David and Goliath: Underdogs, Misfits, and the Art of Battling Giants by Malcolm Gladwell is proving to be just as good as his previous books. And as usual, the content makes me re-evaluate all my preconceived notions about my students and the way we educate them. 

Think of the students you teach. You know them well enough to know the specific things they grapple with: learning disabilities, loss of a parent, dyslexia, etc. What if those things are their greatest asset? What if some of those students can become better BECAUSE OF the difficulty, not in spite of it?

I am a huge advocate of reading. Read often. Read early, Read well. I read to my students everyday, and stretch out reading time for as many minutes as possible. But. As much as I believe in the power of reading, I also know exactly which kids will deeply struggle with it for a long time. What about them? What about carving out room for the skills that come easily to them?

“Most of us gravitate toward the areas in which we excel.

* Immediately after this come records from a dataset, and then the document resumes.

lemma interval_splits_at_most_two_blocks:
  assumes "finite Y" and "interval_wrt r Y B"
  shows "card {j. splits B (block r Y s j)} \<le> 2"
proof (cases "B \<inter> Y = {}")
  case True
  then have "{j. splits B (block r Y s j)} = {}"
    unfolding splits_def block_def by blast
  then show ?thesis by simp
next
  case False
  have fin: "finite (r ` (B \<inter> Y))" using assms(1) by simp
  obtain x where x: "x \<in> B \<inter> Y" "r x = Min (r ` (B \<inter> Y))"
    using Min_in[OF fin] False by force
  obtain z where z: "z \<in> B \<inter> Y" "r z = Max (r ` (B \<inter> Y))"
    using Max_in[OF fin] False by force
  have "{j. splits B (block r Y s j)} \<subseteq> {r x div s, r z div s}"
  proof
    fix j assume "j \<in> {j. splits B (block r Y s j)}"
    then obtain y w where y: "y \<in> B \<inter> Y" "r y div s = j" and w: "w \<in> Y" "w \<notin> B" "r w div s = j"
      unfolding splits_def block_def by blast
    show "j \<in> {r x div s, r z div s}"
    proof (rule ccontr)
      assume j: "j \<notin> {r x div s, r z div s}"
      have "r x \<le> r y" "r y \<le> r z" using x z y fin by simp_all
      then have "r x div s \<le> j" "j \<le> r z div s" using y(2) div_le_mono by blast+
      then have "r x div s < r w div s" "r w div s < r z div s" using j w(3) by auto
      then have "r x \<le> r w" "r w \<le> r z"
        by (meson div_le_mono leD nat_le_linear)+
      then have "w \<in> B" using assms(2) x z w unfolding interval_wrt_def by blast
      with w show False by simp
    qed
  qed
  then have "card {j. splits B (block r Y s j)} \<le> card {r x div s, r z div s}"
    by (rule card_mono[rotated]) simp
  also have "\<dots> \<le> 2" by (simp add: card_insert_if)
  finally show ?thesis .
qed

lemma exists_unsplit_block:
  assumes "finite Y" and "finite S" and "\<forall>B\<in>S. interval_wrt r Y B" and "2 * card S < K"
  obtains j where "j < K" and "\<forall>B\<in>S. \<not> splits B (block r Y s j)"
proof -
  let ?J = "\<Union>B\<in>S. {j. splits B (block r Y s j)}"
  have "{j. splits B (block r Y s j)} \<subseteq> (\<lambda>y. r y div s) ` Y" for B
    unfolding splits_def block_def by blast
  then have "finite ?J" using assms(1,2) by (blast intro: finite_subset)
  have "card ?J \<le> (\<Sum>B\<in>S. card {j. splits B (block r Y s j)})"
    using assms(2) by (rule card_UN_le)
  also have "\<dots> \<le> (\<Sum>B\<in>S. 2)"
    using assms(1,3) by (intro sum_mono interval_splits_at_most_two_blocks) auto
  also have "\<dots> < card {..<K}" using assms(4) by simp
  finally have "\<not> {..<K} \<subseteq> ?J"
    using card_mono[OF \<open>finite ?J\<close>, of "{..<K}"] by auto
  then show thesis using that by blast
qed
lemma rollingI:
  assumes "q 0 = qone"
    and unit: "\<And>t. t \<in> {0..1} \<Longrightarrow> norm (v t) = 1 \<and> norm (q t) = 1"
    and v': "\<And>t. t \<in> {0..1} \<Longrightarrow> (v has_vector_derivative v' t) (at t within {0..1})"
    and tangent: "\<And>t. t \<in> {0..1} \<Longrightarrow> inner (v t) (v' t) = 0"
    and q': "\<And>t. t \<in> {0..1} \<Longrightarrow>
      (q has_vector_derivative qmul (0, 2 *\<^sub>R cross3 (v t) (v' t)) (q t)) (at t within {0..1})"
  shows "rolling v q"
  unfolding rolling_def
proof (intro conjI ballI)
  fix t :: real
  assume t: "t \<in> {0..1}"
  have \<omega>: "qmul (qmul (0, 2 *\<^sub>R cross3 (v t) (v' t)) (q t)) (qconj (q t))
      = (0, 2 *\<^sub>R cross3 (v t) (v' t))"
    using unit[OF t] by (simp add: qmul_assoc qmul_qconj_right qmul_qone_right[unfolded qone_def])
  have "cross3 (cross3 (v t) (v' t)) (v t) = v' t"
    using unit[OF t] tangent[OF t] by (simp add: cross3_cross3_left inner_commute norm_eq_1)
  moreover have "inner (cross3 (v t) (v' t)) (v t) = 0"
    by (simp add: dot_cross_self)
  ultimately show "\<exists>v'' q''. (v has_vector_derivative v'') (at t within {0..1}) \<and>
      (q has_vector_derivative q'') (at t within {0..1}) \<and>
      (let \<omega> = 2 *\<^sub>R qmul q'' (qconj (q t)) in
         fst \<omega> = 0 \<and> 4 *\<^sub>R v'' = cross3 (snd \<omega>) (v t) \<and> inner (snd \<omega>) (v t) = 0)"
    using v'[OF t] q'[OF t] by (intro exI) (auto simp: Let_def \<omega> cross_mult_left)
qed (use assms in auto)

lemma great_circle_has_vector_derivative:
  "((\<lambda>t. cos (t * \<theta>) *\<^sub>R w + sin (t * \<theta>) *\<^sub>R u) has_vector_derivative
     \<theta> *\<^sub>R (cos (t * \<theta>) *\<^sub>R u - sin (t * \<theta>) *\<^sub>R w)) (at t within S)"
  by (auto intro!: derivative_eq_intros simp: algebra_simps)

lemma cross3_great_circle_velocity:
  "cross3 (cos x *\<^sub>R w + sin x *\<^sub>R u) (\<theta> *\<^sub>R (cos x *\<^sub>R u - sin x *\<^sub>R w)) = \<theta> *\<^sub>R cross3 w u"
proof -
  have "cross3 (cos x *\<^sub>R w + sin x *\<^sub>R u) (\<theta> *\<^sub>R (cos x *\<^sub>R u - sin x *\<^sub>R w))
      = (\<theta> * (cos x * cos x)) *\<^sub>R cross3 w u + (\<theta> * (sin x * sin x)) *\<^sub>R cross3 w u"
    by (simp add: cross_add_left cross_mult_left cross_mult_right Cross3.right_diff_distrib
        cross_skew[of u w] algebra_simps)
  also have "\<dots> = \<theta> *\<^sub>R cross3 w u"
    by (metis distrib_left scaleR_left_distrib sin_cos_squared_add3 mult_1_right)
  finally show ?thesis .
qed

lemma qexp_has_vector_derivative:
  assumes "norm n = 1"
  shows "((\<lambda>t. (cos (t * \<phi>), sin (t * \<phi>) *\<^sub>R n)) has_vector_derivative
           qmul (0, \<phi> *\<^sub>R n) (cos (t * \<phi>), sin (t * \<phi>) *\<^sub>R n)) (at t within S)"
proof -
  have "((\<lambda>t. (cos (t * \<phi>), sin (t * \<phi>) *\<^sub>R n)) has_vector_derivative
           (- sin (t * \<phi>) * \<phi>, (cos (t * \<phi>) * \<phi>) *\<^sub>R n)) (at t within S)"
    by (auto intro!: derivative_eq_intros
        simp: has_real_derivative_iff_has_vector_derivative[symmetric])
  moreover have "qmul (0, \<phi> *\<^sub>R n) (cos (t * \<phi>), sin (t * \<phi>) *\<^sub>R n)
      = (- sin (t * \<phi>) * \<phi>, (cos (t * \<phi>) * \<phi>) *\<^sub>R n)"
    using assms by (simp add: qmul_def cross_mult_left cross_mult_right norm_eq_1)
  ultimately show ?thesis
    by simp
qed

lemma norm_qexp: "norm n = 1 \<Longrightarrow> norm (cos x, sin x *\<^sub>R n) = 1"
  by (simp add: norm_Pair)

lemma rolling_great_circle:
  fixes w u :: "real^3" and \<theta> :: real
  assumes w: "norm w = 1" and u: "norm u = 1" and wu: "inner w u = 0"
  defines "v \<equiv> \<lambda>t. cos (t * \<theta>) *\<^sub>R w + sin (t * \<theta>) *\<^sub>R u"
    and "q\<^sub>0 \<equiv> \<lambda>t. (cos (t * (2 * \<theta>)), sin (t * (2 * \<theta>)) *\<^sub>R cross3 w u)"
  shows "rolling v q\<^sub>0"
    and "rolling v q \<Longrightarrow> t \<in> {0..1} \<Longrightarrow> q t = q\<^sub>0 t"
proof -
  define n where "n = cross3 w u"
  define v' where "v' t = \<theta> *\<^sub>R (cos (t * \<theta>) *\<^sub>R u - sin (t * \<theta>) *\<^sub>R w)" for t
  have n: "norm n = 1"
    using norm_cross_dot[of w u] w u wu by (simp add: n_def norm_eq_1 power2_norm_eq_inner)
  have v': "(v has_vector_derivative v' t) (at t within {0..1})" for t
    unfolding v_def v'_def by (rule great_circle_has_vector_derivative)
  have axis: "2 *\<^sub>R cross3 (v t) (v' t) = (2 * \<theta>) *\<^sub>R n" for t
    unfolding v_def v'_def n_def cross3_great_circle_velocity by simp
  have q: "(q has_vector_derivative qmul (0, (2 * \<theta>) *\<^sub>R n) (q t)) (at t within {0..1})"
    if "rolling v q" "t \<in> {0..1}" for q t
    using rolling_has_vector_derivative[OF that v'] unfolding axis .
  have q\<^sub>0: "(q\<^sub>0 has_vector_derivative qmul (0, (2 * \<theta>) *\<^sub>R n) (q\<^sub>0 t)) (at t within S)" for t S
    unfolding q\<^sub>0_def n_def[symmetric] by (rule qexp_has_vector_derivative[OF n])
  have unit_v: "norm (v t) = 1" and tangent: "inner (v t) (v' t) = 0" for t
    using w u wu
    by (simp_all add: v_def v'_def norm_eq_1 inner_add_left inner_add_right inner_diff_right
        inner_commute algebra_simps)
  show "rolling v q\<^sub>0"
  proof (rule rollingI[where v' = v'])
    show "q\<^sub>0 0 = qone"
      by (simp add: q\<^sub>0_def qone_def)
    show "norm (v t) = 1 \<and> norm (q\<^sub>0 t) = 1" for t
      using unit_v norm_qexp[OF n] by (simp add: q\<^sub>0_def n_def)
    show "(q\<^sub>0 has_vector_derivative qmul (0, 2 *\<^sub>R cross3 (v t) (v' t)) (q\<^sub>0 t)) (at t within {0..1})"
      for t
      unfolding axis by (rule q\<^sub>0)
  qed (use v' tangent in auto)
  show "q t = q\<^sub>0 t" if "rolling v q" "t \<in> {0..1}"
  proof (rule left_pure_flow_unique[where S = "{0..1}" and s = 0])
    show "q 0 = q\<^sub>0 0"
      using \<open>rolling v q\<close> by (simp add: rolling_def q\<^sub>0_def qone_def)
  qed (use q[OF \<open>rolling v q\<close>] q\<^sub>0 that in auto)
qed

lemma arc_eq_great_circle:
  fixes w1 w2 u :: "real^3" and \<theta> :: real
  assumes w1: "norm w1 = 1" and w2: "norm w2 = 1" and c: "\<bar>inner w1 w2\<bar> < 1"
  defines "\<theta> \<equiv> arccos (inner w1 w2)"
    and "u \<equiv> (1 / sin \<theta>) *\<^sub>R (w2 - cos \<theta> *\<^sub>R w1)"
  shows "norm u = 1" and "inner w1 u = 0"
    and "arc w1 w2 = (\<lambda>t. cos (t * \<theta>) *\<^sub>R w1 + sin (t * \<theta>) *\<^sub>R u)"
proof -
  have cos: "cos \<theta> = inner w1 w2"
    using c by (simp add: \<theta>_def cos_arccos_abs)
  have sin: "sin \<theta> = sqrt (1 - (inner w1 w2)\<^sup>2)"
    using c by (simp add: \<theta>_def sin_arccos_abs)
  have "sin \<theta> > 0"
    using c by (simp add: sin abs_square_less_1)
  have "norm (w2 - cos \<theta> *\<^sub>R w1) = sin \<theta>"
    using w1 w2 by (simp add: norm_eq_sqrt_inner sin cos inner_diff_left inner_diff_right
        inner_commute norm_eq_1 power2_eq_square)
  then show "norm u = 1"
    using \<open>sin \<theta> > 0\<close> by (simp add: u_def)
  show "inner w1 u = 0"
    using w1 by (simp add: u_def cos inner_diff_right norm_eq_1)
  show "arc w1 w2 = (\<lambda>t. cos (t * \<theta>) *\<^sub>R w1 + sin (t * \<theta>) *\<^sub>R u)"
  proof
    fix t
    have "sin ((1 - t) * \<theta>) / sin \<theta> = cos (t * \<theta>) - sin (t * \<theta>) / sin \<theta> * cos \<theta>"
      using sin_diff[of \<theta> "t * \<theta>"] \<open>sin \<theta> > 0\<close> by (simp add: field_simps left_diff_distrib)
    then have "arc w1 w2 t = (cos (t * \<theta>) - sin (t * \<theta>) / sin \<theta> * cos \<theta>) *\<^sub>R w1
        + (sin (t * \<theta>) / sin \<theta>) *\<^sub>R w2"
      by (simp add: arc_def \<theta>_def[symmetric])
    then show "arc w1 w2 t = cos (t * \<theta>) *\<^sub>R w1 + sin (t * \<theta>) *\<^sub>R u"
      by (simp add: u_def algebra_simps)
  qed
qed

text \<open>This is \<open>cos 2\<theta> + sin 2\<theta> n\<close> for \<open>\<theta>\<close> the length of the arc from \<open>w\<^sub>1\<close> to \<open>w\<^sub>2\<close> and
  \<open>n = w\<^sub>1 \<times> w\<^sub>2 / sin \<theta>\<close> its unit normal.\<close>
definition arc_monodromy :: "real^3 \<Rightarrow> real^3 \<Rightarrow> quat" where
  "arc_monodromy w1 w2 = (2 * (inner w1 w2)\<^sup>2 - 1, (2 * inner w1 w2) *\<^sub>R cross3 w1 w2)"

lemma rolling_arc:
  fixes w1 w2 :: "real^3"
  assumes "norm w1 = 1" and "norm w2 = 1" and "\<bar>inner w1 w2\<bar> < 1"
  shows "\<exists>q. rolling (arc w1 w2) q"
    and "rolling (arc w1 w2) q \<Longrightarrow> q 1 = arc_monodromy w1 w2"
proof -
  define \<theta> where "\<theta> = arccos (inner w1 w2)"
  define u where "u = (1 / sin \<theta>) *\<^sub>R (w2 - cos \<theta> *\<^sub>R w1)"
  note frame = arc_eq_great_circle[OF assms, folded \<theta>_def, folded u_def]
  note great_circle = rolling_great_circle[OF \<open>norm w1 = 1\<close> frame(1,2), of \<theta>, folded frame(3)]
  show "\<exists>q. rolling (arc w1 w2) q"
    using great_circle(1) by blast
  have cos: "cos \<theta> = inner w1 w2"
    using assms(3) by (simp add: \<theta>_def cos_arccos_abs)
  have "cross3 w1 u = (1 / sin \<theta>) *\<^sub>R cross3 w1 w2"
    by (simp add: u_def cross_mult_right Cross3.right_diff_distrib)
  moreover have "sin \<theta> \<noteq> 0"
    using assms(3) by (simp add: \<theta>_def sin_arccos_nonzero)
  ultimately have "(cos (1 * (2 * \<theta>)), sin (1 * (2 * \<theta>)) *\<^sub>R cross3 w1 u) = arc_monodromy w1 w2"
    by (simp add: arc_monodromy_def cos_double_cos sin_double cos)
  then show "q 1 = arc_monodromy w1 w2" if "rolling (arc w1 w2) q"
    using great_circle(2)[OF that, of 1] by simp
qed
theorem corollary3p6:
  shows "(\<forall>f. gauge f \<longrightarrow> (\<exists>g. strict_mono g \<and> yorioka g \<subseteq> null_f f))
       \<and> (\<forall>g. strict_mono g \<longrightarrow> (\<exists>f. gauge f \<and> null_f f \<subseteq> yorioka g))"
proof (intro conjI allI impI)
  fix f :: "real \<Rightarrow> real" assume f: "gauge f"
  then obtain g where "strict_mono g" "\<And>n. f ((1/2) ^ g n) \<le> (1/2) ^ n"
    using gauge_dyadic_modulus by blast
  then show "\<exists>g. strict_mono g \<and> yorioka g \<subseteq> null_f f"
    using yorioka_subset_null_f[OF f] by blast
next
  fix g :: "nat \<Rightarrow> nat" assume g: "strict_mono g"
  let ?h = "\<lambda>n. g (n ^ n)"
  have h: "mono ?h" "filterlim ?h at_top sequentially"
    using mono_self_power_comp[OF strict_mono_mono[OF g]] filterlim_self_power_comp[OF g] .
  have "null_f (count_gauge ?h) \<subseteq> J_ideal ?h"
    by (rule null_f_count_gauge_subset_J_ideal[OF h])
  also have "\<dots> \<subseteq> yorioka g"
    using ll_self_power[OF strict_mono_mono[OF g]] unfolding yorioka_def by blast
  finally show "\<exists>f. gauge f \<and> null_f f \<subseteq> yorioka g"
    using gauge_count_gauge[OF h] by blast
qed

end
lemma quad_form_le_abs:
  assumes "graph_matrix G"
  shows "quad_form G x \<le> quad_form G (\<lambda>i. \<bar>x i\<bar>)"
  unfolding quad_form_def
proof (intro sum_mono)
  fix i j
  have "x i * G i j * x j \<le> \<bar>x i * G i j * x j\<bar>" by simp
  also have "\<dots> = \<bar>x i\<bar> * G i j * \<bar>x j\<bar>"
    using graph_matrix_nonneg[OF assms] by (simp add: abs_mult)
  finally show "x i * G i j * x j \<le> \<bar>x i\<bar> * G i j * \<bar>x j\<bar>" .
qed

lemma quad_form_scale: "quad_form G (\<lambda>i. c * x i) = c\<^sup>2 * quad_form G x"
  by (simp add: quad_form_def sum_distrib_left power2_eq_square algebra_simps)

lemma quad_form_indicator_eq_expansion:
  assumes "graph_matrix G" and "S \<noteq> {}"
  shows "quad_form G (indicator S) = real (card S) * (1 - expansion G S)"
proof -
  have "(\<Sum>j\<in>S. G i j) + (\<Sum>j\<in>UNIV - S. G i j) = 1" for i
    using graph_matrix_row_sum_one[OF assms(1)] sum.subset_diff[of S UNIV "G i"] by simp
  then have "(\<Sum>i\<in>S. \<Sum>j\<in>S. G i j) + (\<Sum>i\<in>S. \<Sum>j\<in>UNIV - S. G i j) = real (card S)"
    by (simp flip: sum.distrib)
  moreover have "quad_form G (indicator S) = (\<Sum>i\<in>S. \<Sum>j\<in>S. G i j)"
    by (simp add: quad_form_def indicator_def sum.If_cases if_distrib cong: if_cong)
  ultimately show ?thesis
    using assms(2) by (simp add: expansion_def algebra_simps)
qed

lemma sum_indicator_UNIV: "(\<Sum>i\<in>UNIV. indicator S i) = real (card (S :: 'a::finite set))"
  using Indicator_Function.sum_mult_indicator[of UNIV "\<lambda>_. 1" S] by simp

lemma sum_sq_indicator_UNIV: "(\<Sum>i\<in>UNIV. (indicator S i)\<^sup>2) = real (card (S :: 'a::finite set))"
proof -
  have "(indicator S i)\<^sup>2 = (indicator S i :: real)" for i
    by (simp add: indicator_def)
  then show ?thesis by (simp add: sum_indicator_UNIV)
qed

definition min_form :: "('a::finite \<Rightarrow> 'a \<Rightarrow> real) \<Rightarrow> ('a \<Rightarrow> real) \<Rightarrow> real" where
  "min_form G y = (\<Sum>i\<in>UNIV. \<Sum>j\<in>UNIV. G i j * min (y i) (y j))"

lemma min_form_peel:
  assumes "\<And>i. 0 \<le> y i" and "\<And>i. y i \<noteq> 0 \<Longrightarrow> c \<le> y i"
  defines "S \<equiv> {i. y i \<noteq> 0}"
  shows "min_form G y = c * quad_form G (indicator S) + min_form G (\<lambda>i. y i - c * indicator S i)"
proof -
  have "min (y i) (y j) = c * (indicator S i * indicator S j)
      + min (y i - c * indicator S i) (y j - c * indicator S j)" for i j
    using assms(1,2)[of i] assms(1,2)[of j] by (cases "i \<in> S"; cases "j \<in> S") (auto simp: S_def min_def)
  then show ?thesis
    by (simp add: min_form_def quad_form_def sum_distrib_left algebra_simps sum.distrib)
qed

lemma min_form_le_sum:
  assumes "\<And>i. 0 \<le> y i" and "{i. y i \<noteq> 0} \<subseteq> T"
    and "\<And>S. S \<subseteq> T \<Longrightarrow> S \<noteq> {} \<Longrightarrow> quad_form G (indicator S) \<le> \<eta> * real (card S)"
  shows "min_form G y \<le> \<eta> * (\<Sum>i\<in>UNIV. y i)"
  using assms(1,2)
proof (induction "card {i. y i \<noteq> 0}" arbitrary: y rule: less_induct)
  case less
  define S where "S = {i. y i \<noteq> 0}"
  show ?case
  proof (cases "S = {}")
    case True
    then show ?thesis by (simp add: S_def min_form_def)
  next
    case False
    define c where "c = Min (y ` S)"
    have "c \<in> y ` S"
      using False unfolding c_def by (intro Min_in) auto
    then obtain i0 where i0: "i0 \<in> S" "y i0 = c" by auto
    have c_le: "c \<le> y i" if "y i \<noteq> 0" for i
      using that by (simp add: c_def S_def)
    define y' where "y' = (\<lambda>i. y i - c * indicator S i)"
    have y'_nonneg: "0 \<le> y' i" for i
      using c_le[of i] less.prems(1)[of i] by (auto simp: y'_def S_def indicator_def)
    have supp: "{i. y' i \<noteq> 0} \<subseteq> S - {i0}"
      using i0 by (auto simp: y'_def S_def)
    then have "card {i. y' i \<noteq> 0} < card S"
      using i0 card_mono[OF _ supp] card_Diff1_less[of S i0] by simp
    then have IH: "min_form G y' \<le> \<eta> * (\<Sum>i\<in>UNIV. y' i)"
      using less.hyps[of y'] y'_nonneg supp less.prems(2) by (auto simp: S_def)
    have c_pos: "0 < c"
      using i0 less.prems(1)[of i0] by (auto simp: S_def)
    have "min_form G y = c * quad_form G (indicator S) + min_form G y'"
      using min_form_peel[of y c G] less.prems(1) c_le by (simp add: y'_def S_def)
    also have "\<dots> \<le> c * (\<eta> * real (card S)) + \<eta> * (\<Sum>i\<in>UNIV. y' i)"
      using assms(3)[of S] False less.prems(2) c_pos IH
      by (intro add_mono mult_left_mono) (auto simp: S_def)
    also have "\<dots> = \<eta> * (\<Sum>i\<in>UNIV. y i)"
      by (simp add: y'_def sum_subtractf sum_indicator_UNIV flip: sum_distrib_left)
        (simp add: algebra_simps)
    finally show ?thesis .
  qed
qed

lemma quad_form_sq_le_min_form:
  assumes gm: "graph_matrix G" and z_nonneg: "\<And>i. 0 \<le> z i"
    and unit: "(\<Sum>i\<in>UNIV. (z i)\<^sup>2) = 1"
  defines "m \<equiv> min_form G (\<lambda>i. (z i)\<^sup>2)"
  shows "(quad_form G z)\<^sup>2 \<le> 2 * m - m\<^sup>2"
proof -
  define a where "a i j = min (z i) (z j)" for i j
  define b where "b i j = \<bar>z i - z j\<bar>" for i j
  define C where "C = (\<Sum>i\<in>UNIV. \<Sum>j\<in>UNIV. G i j * a i j * b i j)"
  have "min ((z i)\<^sup>2) ((z j)\<^sup>2) = (a i j)\<^sup>2" for i j
    using z_nonneg[of i] z_nonneg[of j] power_mono[of "z i" "z j" 2] power_mono[of "z j" "z i" 2]
    by (auto simp: a_def min_def)
  then have m_eq: "m = (\<Sum>i\<in>UNIV. \<Sum>j\<in>UNIV. G i j * (a i j)\<^sup>2)"
    by (simp add: m_def min_form_def)
  have "z i * G i j * z j = G i j * (a i j)\<^sup>2 + G i j * a i j * b i j" for i j
    by (simp add: a_def b_def min_def power2_eq_square algebra_simps)
  then have P_eq: "quad_form G z = m + C"
    by (simp add: quad_form_def m_eq C_def sum.distrib)
  have "C\<^sup>2 \<le> m * (\<Sum>i\<in>UNIV. \<Sum>j\<in>UNIV. G i j * (b i j)\<^sup>2)"
    using weighted_Cauchy_Schwarz_sum[of UNIV "\<lambda>(i, j). G i j" "\<lambda>(i, j). a i j" "\<lambda>(i, j). b i j"]
      graph_matrix_nonneg[OF gm]
    by (simp add: C_def m_eq sum.cartesian_product split_beta)
  also have "(\<Sum>i\<in>UNIV. \<Sum>j\<in>UNIV. G i j * (b i j)\<^sup>2) = 2 - 2 * quad_form G z"
    using graph_matrix_sum_sq_diff[OF gm, of z] unit by (simp add: b_def)
  finally have "C\<^sup>2 \<le> m * (2 - 2 * (m + C))"
    unfolding P_eq .
  then show ?thesis
    unfolding P_eq by (simp add: power2_eq_square algebra_simps)
qed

The child who picks up reading easily goes on to read even more, becomes even better at it, and ends up in a field that requires a lot of reading . . . and on and on in a virtuous circle.”

Student who are not good readers are developing OTHER skills, just as powerful.

“Desirable difficulties have the opposite logic …”

That opposite logic is that a child with dyslexia is forced every day to compensate. They have no choice but to find OTHER ways of doing what needs to be done. They survive the school system without being able to read fluently, but they become devastatingly good at listening and talking and remembering. They know how to think around a situation and make it work for them. Could a teacher or a parent give a kid that kind of intense motivation. I don’t think so.

“What is learned in necessity is inevitably more powerful than that which comes easily.

As parents and educators, of course we want our kids to learn the art of persuasion or to think outside the box.

“But a normal, well-adjusted child has no need to take these lessons seriously.”

Think about it. The very skills we work so hard to teach are learned instinctively and with great effort by children who grapple with things like dyslexia.

“If you get A’s in school, you never need to figure out how to negotiate your way to a passing grade, or to look around the room as a nine year old and start strategizing about how to make it through the next hour.”

Disadvantages are the perfect preparation.

Re-think. Take another look. We are always seeking out our students’ strengths—it could be that their struggles fit in that category as well.